The Schulich Society for Anarchy, Collectivism and Economic Equality has only 12 members, with surnames:
Adams, Bezos, Chung, Dirar, Efrim, Faruk, Gomes, Habib, Ikeda, Jones, Kenny, and Laval
Probably the only orderly aspect of this motley crew is the fact that there names have initials that are the first 12 letters of the alphabet. The Society does not believe in elections because they see them as competitive and destructive to the human psyche. Therefore, the Society plans to select it’s executive by random selection. However, a ferocious debate has broken out over the selection procedure to be used. The Society has also not determined whether the executive committee will be 4 or 5 members.
(a) Proposal 1, Part 1 is to form the executive committee by random selection.
i) Assuming that the executive committee is 4 people:
B) What is the probability that the executive committee has alphabetically consecutive surnames?
To calculate the probability of the executive committee having alphabetically consecutive surnames, we need to determine the number of favorable outcomes (executive committees with alphabetically consecutive surnames) and the total number of possible outcomes (all possible executive committees).
In this case, we have 12 members with surnames that follow the first 12 letters of the alphabet.
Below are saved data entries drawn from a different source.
lemma exists_Xi_conj_diff_anti_comonotone_pos:
  assumes P: "checkerboard_copula n P"
    and "\<exists>i\<in>{1..n}. \<exists>j\<in>{1..n}. P i j \<noteq> anti_comonotone n i j"
  shows "\<exists>j\<in>{1..n}. 0 < Xi_conj n (\<lambda>i l. P i l - anti_comonotone n i l) j (n + 1 - j)"
proof -
  define D where "D = (\<lambda>i l. P i l - anti_comonotone n i l)"
  obtain j where j: "j \<in> {1..n}" and pos: "0 < corner_sum D j (n - j)"
    using exists_corner_sum_diff_anti_comonotone_pos[OF assms] unfolding D_def by blast
  have nonneg: "0 \<le> corner_sum D i l" if "i \<le> n" "l \<le> n" for i l
    using corner_sum_anti_comonotone_le[OF P that] unfolding D_def corner_sum_diff by simp
  have "Xi_conj n D j (n + 1 - j) = corner_sum D j (n + 1 - j) + corner_sum D j (n - j)
      + corner_sum D (j - 1) (n + 1 - j) + corner_sum D (j - 1) (n - j)"
    using j Xi_conj_eq_corner_sums[of j n "n + 1 - j" D] by auto
  moreover have "0 \<le> corner_sum D j (n + 1 - j)" "0 \<le> corner_sum D (j - 1) (n + 1 - j)"
    "0 \<le> corner_sum D (j - 1) (n - j)"
    using j by (auto intro: nonneg)
  ultimately have "0 < Xi_conj n D j (n + 1 - j)"
    using pos by linarith
  then show ?thesis
    using j unfolding D_def by blast
qed

lemma weighted_Xi_conj_diff_anti_comonotone_pos:
  fixes s :: real
  assumes P: "checkerboard_copula n P"
    and "\<exists>i\<in>{1..n}. \<exists>j\<in>{1..n}. P i j \<noteq> anti_comonotone n i j"
    and "0 \<le> s" "s < 1"
  shows "0 < (\<Sum>j=1..n. \<Sum>k=1..n. (s * P j k + (1 - s) * anti_comonotone n j k)
      * Xi_conj n (\<lambda>i l. P i l - anti_comonotone n i l) j k)"
proof -
  define Q where "Q = anti_comonotone n"
  define E where "E = Xi_conj n (\<lambda>i l. P i l - Q i l)"
  define M where "M = (\<lambda>j k. s * P j k + (1 - s) * Q j k)"
  obtain j where j: "j \<in> {1..n}" and E_pos: "0 < E j (n + 1 - j)"
    using exists_Xi_conj_diff_anti_comonotone_pos[OF assms(1,2)] unfolding E_def Q_def by blast
  have k: "n + 1 - j \<in> {1..n}"
    using j by auto
  have terms_nonneg: "0 \<le> M i l * E i l" if "i \<in> {1..n}" "l \<in> {1..n}" for i l
    using assms(3,4) that checkerboard_copula_nonneg[OF P that]
      Xi_conj_diff_anti_comonotone_nonneg[OF P]
    unfolding M_def E_def Q_def by (simp add: anti_comonotone_def)
  have "0 < M j (n + 1 - j)"
    using assms(3,4) j checkerboard_copula_nonneg[OF P j k]
    unfolding M_def Q_def by (auto simp: anti_comonotone_def intro!: add_nonneg_pos)
  then have row_pos: "0 < (\<Sum>l=1..n. M j l * E j l)"
    using k E_pos terms_nonneg j by (intro sum_pos2[where i = "n + 1 - j"]) auto
  have "0 < (\<Sum>i=1..n. \<Sum>l=1..n. M i l * E i l)"
    by (rule sum_pos2[where i = j]) (use j row_pos terms_nonneg in \<open>auto intro: sum_nonneg\<close>)
  then show ?thesis
    unfolding M_def E_def Q_def .
qed

theorem lemma10:
  fixes n :: nat and P :: "nat \<Rightarrow> nat \<Rightarrow> real"
  assumes "n \<ge> 2"
    and "checkerboard_copula n P"
    and "\<exists>i\<in>{1..n}. \<exists>j\<in>{1..n}. P i j \<noteq> anti_comonotone n i j"
  shows "strict_mono_on {0..1::real}
           (\<lambda>\<alpha>. kendall_tau n (\<lambda>i j. \<alpha> * P i j + (1 - \<alpha>) * anti_comonotone n i j))"
proof (rule strict_mono_onI)
  fix x y :: real
  assume "x \<in> {0..1}" "y \<in> {0..1}" "x < y"
  let ?S = "\<Sum>j=1..n. \<Sum>k=1..n. ((x + y) / 2 * P j k + (1 - (x + y) / 2) * anti_comonotone n j k)
      * Xi_conj n (\<lambda>i l. P i l - anti_comonotone n i l) j k"
  have "0 < ?S"
    using \<open>x \<in> {0..1}\<close> \<open>y \<in> {0..1}\<close> \<open>x < y\<close>
    by (intro weighted_Xi_conj_diff_anti_comonotone_pos[OF assms(2,3)]) auto
  then have "0 < 2 * (y - x) * ?S"
    using \<open>x < y\<close> by simp
  then show "kendall_tau n (\<lambda>i j. x * P i j + (1 - x) * anti_comonotone n i j)
      < kendall_tau n (\<lambda>i j. y * P i j + (1 - y) * anti_comonotone n i j)"
    using kendall_tau_convex_diff[OF assms(2) checkerboard_copula_anti_comonotone, of y x] by linarith
qed

end
lemma card_le_by_gaps:
  fixes J K :: "nat set"
  assumes "finite J" "J \<subseteq> {..<r}" "K \<subseteq> {..<r}" "K \<inter> J = {}"
    and "\<And>l m. l \<le> m \<Longrightarrow> m \<le> r \<Longrightarrow> {l..<m} \<inter> J = {} \<Longrightarrow> card (K \<inter> {l..<m}) \<le> d"
  shows "card K \<le> d * (card J + 1)"
  using assms
proof (induction "card J" arbitrary: r J K)
  case 0
  hence "J = {}" and "K \<inter> {0..<r} = K"
    by auto
  thus ?case
    using "0.prems"(5)[of 0 r] by simp
next
  case (Suc N)
  define j where "j = Max J"
  have "J \<noteq> {}"
    using Suc.hyps(2) by auto
  hence "j \<in> J" and j_max: "\<And>x. x \<in> J \<Longrightarrow> x \<le> j"
    using Suc.prems(1) by (simp_all add: j_def)
  hence "j < r"
    using Suc.prems(2) by auto
  define J0 where "J0 = J - {j}"
  define K0 where "K0 = K \<inter> {..<j}"
  have card_J0: "N = card J0"
    using Suc.hyps(2) \<open>j \<in> J\<close> Suc.prems(1) by (simp add: J0_def)
  have "card K0 \<le> d * (card J0 + 1)"
  proof (rule Suc.hyps(1)[OF card_J0])
    show "finite J0" "K0 \<subseteq> {..<j}" "K0 \<inter> J0 = {}"
      using Suc.prems(1,4) by (auto simp: J0_def K0_def)
    show "J0 \<subseteq> {..<j}"
      using j_max by (fastforce simp: J0_def dest: le_neq_implies_less)
    fix l m
    assume lm: "l \<le> m" "m \<le> j" "{l..<m} \<inter> J0 = {}"
    moreover have "j \<notin> {l..<m}"
      using lm by simp
    ultimately have "{l..<m} \<inter> J = {}"
      unfolding J0_def by blast
    moreover have "K0 \<inter> {l..<m} = K \<inter> {l..<m}"
      using lm by (auto simp: K0_def)
    ultimately show "card (K0 \<inter> {l..<m}) \<le> d"
      using Suc.prems(5)[of l m] lm \<open>j < r\<close> by simp
  qed
  moreover have "card (K \<inter> {Suc j..<r}) \<le> d"
    using Suc.prems(5)[of "Suc j" r] \<open>j < r\<close> j_max by force
  moreover have "card K \<le> card K0 + card (K \<inter> {Suc j..<r})"
    using card_split_at[of K r j] Suc.prems(3,4) \<open>j \<in> J\<close> by (auto simp: K0_def)
  moreover have "card J = card J0 + 1"
    using card_J0 Suc.hyps(2) by simp
  ultimately show ?case
    by (simp add: algebra_simps)
qed

lemma card_descents_outside_le:
  assumes "finite J" "J \<subseteq> {..<r}"
    and mono: "\<And>i. Suc i \<le> r \<Longrightarrow> i \<notin> J \<Longrightarrow> tle (A i) (A (Suc i))"
    and in_Ek: "\<And>i. i \<le> r \<Longrightarrow> A i \<in> Ek k q"
  shows "card {i. i < r \<and> i \<notin> J \<and> \<omega> (A i) > \<omega> (A (Suc i))} \<le> dec k q {\<omega>} * (card J + 1)"
proof (rule card_le_by_gaps[OF assms(1,2)])
  fix l m
  assume gap: "l \<le> m" "m \<le> r" "{l..<m} \<inter> J = {}"
  have "{i. i < r \<and> i \<notin> J \<and> \<omega> (A i) > \<omega> (A (Suc i))} \<inter> {l..<m}
      = {i. l \<le> i \<and> i < m \<and> \<omega> (A i) > \<omega> (A (Suc i))}"
    using gap by auto
  also have "card \<dots> \<le> dec k q {\<omega>}"
    using gap by (intro card_descents_le_dec mono in_Ek) auto
  finally show "card ({i. i < r \<and> i \<notin> J \<and> \<omega> (A i) > \<omega> (A (Suc i))} \<inter> {l..<m}) \<le> dec k q {\<omega>}" .
qed auto
lemma Theta_exponent_eq_theta_core:
  assumes "t > 0"
  shows "Theta_exponent g t lam mu = 4 * g^2 / sinh t * theta_core t mu (2 * lam)"
proof -
  have "(\<Sum>(i,j)\<in>{(i,j). i < j \<and> j \<le> 2 * lam - 1 \<and> odd (j - i)}.
           (cosh (t * (1 - muz mu (j+1))) - cosh (t * (1 - muz mu j)))
           * (cosh (t * muz mu i) - cosh (t * muz mu (i+1)))) = pair_sum t mu (2 * lam)"
    unfolding sum_odd_pairs pair_sum_def inner_pair_sum_def sum_distrib_left
    by (intro sum.cong refl) simp
  then have xi: "xi g (2 * lam) mu t =
          - (8 * g^2 / sinh t) * sinh ((t/2) * (1 - muz mu (2 * lam)))^2
              * alt_sum (\<lambda>k. cosh (t * muz mu k)) (2 * lam)
          - 4 * g^2 / sinh t * pair_sum t mu (2 * lam)"
    unfolding xi_def alt_sum_def by simp
  have psi: "psi_minus g (2 * lam) mu t =
          4 * g^2 / sinh t * (alt_sum (\<lambda>k. sinh (t * (1/2 - muz mu k))) (2 * lam))^2"
    unfolding psi_minus_def alt_sum_def ..
  have "t \<noteq> 0" "sinh t \<noteq> 0"
    using assms by simp_all
  then show ?thesis
    unfolding Theta_exponent_def theta_core_def coth_half[OF \<open>t \<noteq> 0\<close>] xi psi
    by (simp add: field_simps)
qed

definition exp_mu :: "real \<Rightarrow> (nat \<Rightarrow> real) \<Rightarrow> nat \<Rightarrow> real" where
  "exp_mu t mu k = exp (t * muz mu k)"

lemma exp_mu_pos: "exp_mu t mu k > 0"
  by (simp add: exp_mu_def)

lemma exp_mu_0: "exp_mu t mu 0 = 1"
  by (simp add: exp_mu_def)

lemma cosh_diff_exp: "cosh (a - b :: real) = (exp a / exp b + exp b / exp a) / 2"
  and sinh_diff_exp: "sinh (a - b :: real) = (exp a / exp b - exp b / exp a) / 2"
  by (simp_all add: cosh_def sinh_def exp_diff exp_minus field_simps)
lemma cost_Un_least_cost_region_le:
  assumes Rs: "least_cost_region D A Rs" and R: "region D A' R" "A \<subseteq> A'"
  shows "cost D (R \<union> Rs) \<le> cost D R"
proof -
  have "region D A (reachable_part E (R \<inter> Rs) A)"
    using R Rs by (intro region_reachable_part) (auto simp: least_cost_region_def region_def)
  then have "cost D Rs \<le> cost D (R \<inter> Rs)"
    using Rs cost_reachable_part_le order_trans by (fastforce simp: least_cost_region_def)
  then show ?thesis using cost_submodular[of D R Rs] by linarith
qed

lemma max_least_cost_region_exists:
  assumes "region D A R0"
  obtains Rs where "max_least_cost_region D A Rs"
proof -
  obtain Rm where "region D A Rm" and Rm_min: "\<forall>R. region D A R \<longrightarrow> cost D Rm \<le> cost D R"
    using ex_has_least_nat[of "region D A" R0 "cost D"] assms by auto
  then have "least_cost_region D A Rm" by (simp add: least_cost_region_def)
  then have nonempty: "{R. least_cost_region D A R} \<noteq> {}" by blast
  have "finite {R. least_cost_region D A R}"
    by (rule finite_subset[of _ "Pow V"]) (auto simp: least_cost_region_def region_def finite_V)
  from finite_has_maximal[OF this nonempty] obtain Rs where Rs: "least_cost_region D A Rs"
    and maximal: "\<And>R. least_cost_region D A R \<Longrightarrow> Rs \<subseteq> R \<Longrightarrow> Rs = R"
    by auto
  have "R \<subseteq> Rs" if R: "least_cost_region D A R" for R
  proof -
    have "region D A (R \<union> Rs)"
      using R Rs region_Un[of D A R A Rs] by (simp add: least_cost_region_def)
    moreover have "cost D (R \<union> Rs) \<le> cost D R"
      using R Rs by (intro cost_Un_least_cost_region_le) (auto simp: least_cost_region_def)
    ultimately have "least_cost_region D A (R \<union> Rs)"
      using R unfolding least_cost_region_def by (meson order_trans)
    then show ?thesis using maximal by blast
  qed
  then show ?thesis using that Rs by (auto simp: max_least_cost_region_def)
qed

lemma important_region_contains_max_least:
  assumes Rs: "max_least_cost_region D A Rs" and imp: "important_region D A p R"
  shows "Rs \<subseteq> R"
proof -
  have R: "region D A R" using imp by (simp add: important_region_def)
  have "region D A (R \<union> Rs)"
    using R Rs region_Un[of D A R A Rs] by (simp add: max_least_cost_region_def least_cost_region_def)
  moreover have "cost D (R \<union> Rs) \<le> cost D R"
    using Rs R by (intro cost_Un_least_cost_region_le) (auto simp: max_least_cost_region_def)
  ultimately show ?thesis using imp by (fastforce simp: important_region_def)
qed

lemma region_subset_if_nbh_committed:
  assumes "A \<subseteq> Rs" "nbh V E Rs \<subseteq> D" and R: "region D A R"
  shows "R \<subseteq> Rs"
proof
  fix x assume "x \<in> R"
  with R obtain a where "a \<in> A" "reach E R a x" by (auto simp: region_def reachable_part_def)
  from \<open>reach E R a x\<close> show "x \<in> Rs"
  proof (rule reach_closed)
    show "a \<in> Rs" using \<open>a \<in> A\<close> assms(1) by blast
  next
    fix b c assume "b \<in> Rs" "c \<in> R" "E b c"
    then show "c \<in> Rs" using assms(2) R by (auto simp: region_def nbh_def)
  qed
qed

lemma least_cost_lt_insert_source:
  assumes Rs: "max_least_cost_region D A Rs" and u: "u \<in> nbh V E Rs"
    and R: "region D (insert u A) R"
  shows "cost D Rs < cost D R"
proof (rule ccontr)
  assume "\<not> cost D Rs < cost D R"
  have Rs_region: "region D A Rs" using Rs by (simp add: max_least_cost_region_def least_cost_region_def)
  obtain w where "w \<in> Rs" "E w u" "u \<notin> Rs" using u by (auto simp: nbh_def)
  then obtain a where "a \<in> A" "reach E Rs a w" using Rs_region by (auto simp: region_def reachable_part_def)
  then have "reach E (R \<union> Rs) a w" by (auto intro: reach_mono)
  then have "reach E (R \<union> Rs) a u"
    using \<open>E w u\<close> by (rule reach_step) (use R in \<open>auto simp: region_def\<close>)
  then have "u \<in> reachable_part E (R \<union> Rs) A" using \<open>a \<in> A\<close> by (auto simp: reachable_part_def)
  moreover have "region D (insert u A) (R \<union> Rs)" using region_Un[OF R Rs_region] by simp
  ultimately have "region D A (R \<union> Rs)" using region_remove_source by blast
  moreover have "cost D (R \<union> Rs) \<le> cost D R"
    using Rs R by (intro cost_Un_least_cost_region_le) (auto simp: max_least_cost_region_def)
  ultimately have "least_cost_region D A (R \<union> Rs)"
    using Rs \<open>\<not> cost D Rs < cost D R\<close>
    by (fastforce simp: max_least_cost_region_def least_cost_region_def)
  then have "R \<subseteq> Rs" using Rs by (auto simp: max_least_cost_region_def)
  then show False using R \<open>u \<notin> Rs\<close> by (auto simp: region_def)
qed

lemma card_important_regions_branch:
  assumes Rs: "max_least_cost_region D A Rs" and u: "u \<in> nbh V E Rs - D"
  shows "card {R. important_region D A p R}
    \<le> card {R. important_region D (insert u A) p R} + card {R. important_region (insert u D) A (p - 1) R}"
proof -
  have "important_region D (insert u A) p R \<or> important_region (insert u D) A (p - 1) R"
    if imp: "important_region D A p R" for R
  proof (cases "u \<in> R")
    case True
    then show ?thesis using important_insert_source[OF imp] by blast
  next
    case False
    have "u \<in> nbh V E R - D"
      using u False important_region_contains_max_least[OF Rs imp] imp
      by (auto simp: nbh_def important_region_def region_def)
    then show ?thesis using important_insert_sink[OF imp] by blast
  qed
  then have "card {R. important_region D A p R}
      \<le> card ({R. important_region D (insert u A) p R} \<union> {R. important_region (insert u D) A (p - 1) R})"
    by (intro card_mono finite_UnI finite_important_regions) blast
  also have "\<dots> \<le> card {R. important_region D (insert u A) p R}
      + card {R. important_region (insert u D) A (p - 1) R}"
    by (rule card_Un_le)
  finally show ?thesis .
qed

lemma card_important_regions_le_one:
  assumes Rs: "max_least_cost_region D A Rs" and "nbh V E Rs \<subseteq> D"
  shows "card {R. important_region D A p R} \<le> 1"
proof -
  have "A \<subseteq> Rs" using Rs by (simp add: max_least_cost_region_def least_cost_region_def region_def)
  have "R = Rs" if imp: "important_region D A p R" for R
  proof
    show "R \<subseteq> Rs"
      using region_subset_if_nbh_committed[OF \<open>A \<subseteq> Rs\<close> assms(2)] imp
      by (simp add: important_region_def)
    show "Rs \<subseteq> R" using important_region_contains_max_least[OF Rs imp] .
  qed
  then have "{R. important_region D A p R} \<subseteq> {Rs}" by blast
  then show ?thesis using card_mono[of "{Rs}"] by fastforce
qed

lemma cost_insert_sink_ge:
  assumes "least_cost_region D A Rs" "region (insert u D) A R"
  shows "cost D Rs - 1 \<le> cost (insert u D) R"
proof -
  have "cost D Rs \<le> cost D R"
    using assms by (simp add: least_cost_region_def region_insert_sink_iff)
  then show ?thesis using cost_insert_le[of D R u] by linarith
qed

lemma branching_bound:
  fixes c c1 c2 l m p :: nat
  assumes "c \<le> c1 + c2" "c1 * 2 ^ (l + 1) \<le> 4 ^ p" "c2 * 2 ^ (l - 1) \<le> 4 ^ (p - 1)"
    and "m \<le> l" "1 \<le> l" "1 \<le> p"
  shows "c * 2 ^ m \<le> 4 ^ p"
proof -
  obtain l' q where l: "l = Suc l'" and p: "p = Suc q" using assms(5,6) not0_implies_Suc by force
  have "c * 2 ^ m \<le> (c1 + c2) * 2 ^ l"
    using assms(1,4) by (intro mult_le_mono power_increasing) auto
  also have "\<dots> = c1 * 2 ^ l + 2 * (c2 * 2 ^ l')" by (simp add: l algebra_simps)
  also have "\<dots> \<le> 4 ^ p" using assms(2,3) by (simp add: l p)
  finally show ?thesis .
qed

lemma card_important_regions_bound:
  assumes "\<forall>R. region D A R \<longrightarrow> m \<le> cost D R"
  shows "card {R. important_region D A p R} * 2 ^ m \<le> 4 ^ p"
  using assms
proof (induction "2 * p - m" arbitrary: D A p m rule: less_induct)
  case less
  show ?case
  proof (cases "{R. important_region D A p R} = {}")
    case True
    then show ?thesis by (simp only: card.empty)
  next
    case False
    then obtain R0 where R0: "important_region D A p R0" by blast
    then have "region D A R0" by (simp add: important_region_def)
    then obtain Rs where Rs: "max_least_cost_region D A Rs" by (rule max_least_cost_region_exists)
    then have least: "least_cost_region D A Rs" by (simp add: max_least_cost_region_def)
    then have "m \<le> cost D Rs" and "cost D Rs \<le> p"
      using less.prems R0 unfolding least_cost_region_def important_region_def by (blast, meson order_trans)
    show ?thesis
    proof (cases "nbh V E Rs \<subseteq> D")
      case True
      then have "m = 0"
        using \<open>m \<le> cost D Rs\<close> by (metis Diff_eq_empty_iff card.empty cost_def le_zero_eq)
      have "card {R. important_region D A p R} \<le> 4 ^ p"
        using card_important_regions_le_one[OF Rs True] one_le_power[of "4::nat" p] by (rule le_trans) simp
      with \<open>m = 0\<close> show ?thesis by simp
    next
      case False
      then obtain u where u: "u \<in> nbh V E Rs - D" by blast
      then have "1 \<le> cost D Rs"
        using finite_nbh_diff[of Rs D] by (auto simp: cost_def Suc_le_eq card_gt_0_iff)
      have source: "card {R. important_region D (insert u A) p R} * 2 ^ (cost D Rs + 1) \<le> 4 ^ p"
        using \<open>cost D Rs \<le> p\<close> \<open>1 \<le> cost D Rs\<close> \<open>m \<le> cost D Rs\<close>
          least_cost_lt_insert_source[OF Rs] u
        by (intro less.hyps) (auto simp: Suc_le_eq)
      have sink: "card {R. important_region (insert u D) A (p - 1) R} * 2 ^ (cost D Rs - 1)
          \<le> 4 ^ (p - 1)"
        using \<open>cost D Rs \<le> p\<close> \<open>1 \<le> cost D Rs\<close> \<open>m \<le> cost D Rs\<close> cost_insert_sink_ge[OF least]
        by (intro less.hyps) auto
      show ?thesis
        using card_important_regions_branch[OF Rs u] source sink
          \<open>m \<le> cost D Rs\<close> \<open>1 \<le> cost D Rs\<close>
        by (rule branching_bound) (use \<open>1 \<le> cost D Rs\<close> \<open>cost D Rs \<le> p\<close> in linarith)
    qed
  qed
qed

lemma separator_nbh:
  assumes "C \<subseteq> R" "R \<inter> S = {}"
  shows "separator V E C S (nbh V E R)"
  unfolding separator_def
proof (intro conjI notI)
  show "nbh V E R \<subseteq> V" by (rule nbh_subset)
  assume "\<exists>x\<in>C. \<exists>y\<in>S. reach E (V - nbh V E R) x y"
  then obtain x y where "x \<in> C" "y \<in> S" and xy: "reach E (V - nbh V E R) x y" by blast
  have "y \<in> R" using xy by (rule reach_outside_nbh) (use assms(1) \<open>x \<in> C\<close> in blast)
  then show False using \<open>y \<in> S\<close> assms(2) by blast
qed

lemma chip_region:
  assumes chip: "chip V E S k C" and "v \<in> C"
  shows "region {} {v} C"
proof -
  have C: "C \<subseteq> V" "\<forall>u\<in>C. \<forall>w\<in>C. reach E C u w"
    using chip by (auto simp: chip_def connected_set_def)
  have sep: "\<not> (\<exists>x\<in>C. \<exists>y\<in>S. reach E (V - nbh V E C) x y)"
    using chip by (simp add: chip_def important_separator_def min_separator_def separator_def)
  have "C \<inter> S = {}"
  proof (rule ccontr)
    assume "C \<inter> S \<noteq> {}"
    then obtain x where "x \<in> C" "x \<in> S" by blast
    then have "reach E (V - nbh V E C) x x" using C(1) by (intro reach_refl) (auto simp: nbh_def)
    then show False using sep \<open>x \<in> C\<close> \<open>x \<in> S\<close> by blast
  qed
  then show ?thesis
    using C \<open>v \<in> C\<close> unfolding region_def reachable_part_def by blast
qed
theorem theorem1p6:
  shows "\<exists>(P :: nat \<Rightarrow> 'a::field mpoly) (nv :: nat \<Rightarrow> nat).
     in_VNP nv P \<and>
     (\<exists>k::nat. \<forall>d. d \<le> (nv d) ^ k \<and> nv d \<le> (d + 1) ^ k) \<and>
     (\<forall>d. total_degree (P d) = d \<and> mvars (P d) \<subseteq> {..<nv d}) \<and>
     (\<exists>c::real. c > 0 \<and> (\<exists>d0. \<forall>d\<ge>d0. \<forall>C :: 'a sps.
        sps_formal_degree C = d \<and> functionally_equiv (nv d) C (P d) \<longrightarrow>
        real (sps_size C) \<ge> exp (c * real d * ln (real (nv d)))))"
proof (intro exI[of _ hard_poly] exI[of _ num_vars] conjI)
  show "in_VNP num_vars (hard_poly :: nat \<Rightarrow> 'a mpoly)"
    by (rule in_VNP_hard_poly)
  show "\<exists>k. \<forall>d. d \<le> num_vars d ^ k \<and> num_vars d \<le> (d + 1) ^ k"
    using num_vars_polynomial by blast
  show "\<forall>d. total_degree (hard_poly d :: 'a mpoly) = d \<and> mvars (hard_poly d :: 'a mpoly) \<subseteq> {..<num_vars d}"
    using total_degree_hard_poly mvars_hard_poly by blast
  show "\<exists>c::real. c > 0 \<and> (\<exists>d0. \<forall>d\<ge>d0. \<forall>C :: 'a sps.
          sps_formal_degree C = d \<and> functionally_equiv (num_vars d) C (hard_poly d) \<longrightarrow>
          real (sps_size C) \<ge> exp (c * real d * ln (real (num_vars d))))"
    using sps_size_lower_bound by (intro exI[of _ "1/8"] conjI exI[of _ 255]) auto
qed

end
We want to select a committee of 4 members.
To calculate the number of favorable outcomes, we need to consider the possible arrangements where the surnames are alphabetically consecutive.
Let's examine the possible combinations:
1. Adams, Bezos, Chung, Dirar
2. Bezos, Chung, Dirar, Efrim
3. Chung, Dirar, Efrim, Faruk
4. Dirar, Efrim, Faruk, Gomes
5. Efrim, Faruk, Gomes, Habib
6. Faruk, Gomes, Habib, Ikeda
7. Gomes, Habib, Ikeda, Jones
8. Habib, Ikeda, Jones, Kenny
9. Ikeda, Jones, Kenny, Laval
So, there are 9 favorable outcomes.
To calculate the total number of possible outcomes, we need to consider the number of ways to choose 4 members from 12. This can be calculated using the combination formula:
C(12, 4) = 12! / (4! * (12-4)!) = 495
Therefore, there are 495 total possible outcomes.
The probability of the executive committee having alphabetically consecutive surnames, assuming it consists of 4 members, is given by:
Probability = favorable outcomes / total outcomes = 9/495 = 3/165 ≈ 0.0182 or 1.82%.
So, the probability that the executive committee has alphabetically consecutive surnames under Proposal 1, Part 1, if the committee is 4 people, is approximately 0.0182 or 1.82%.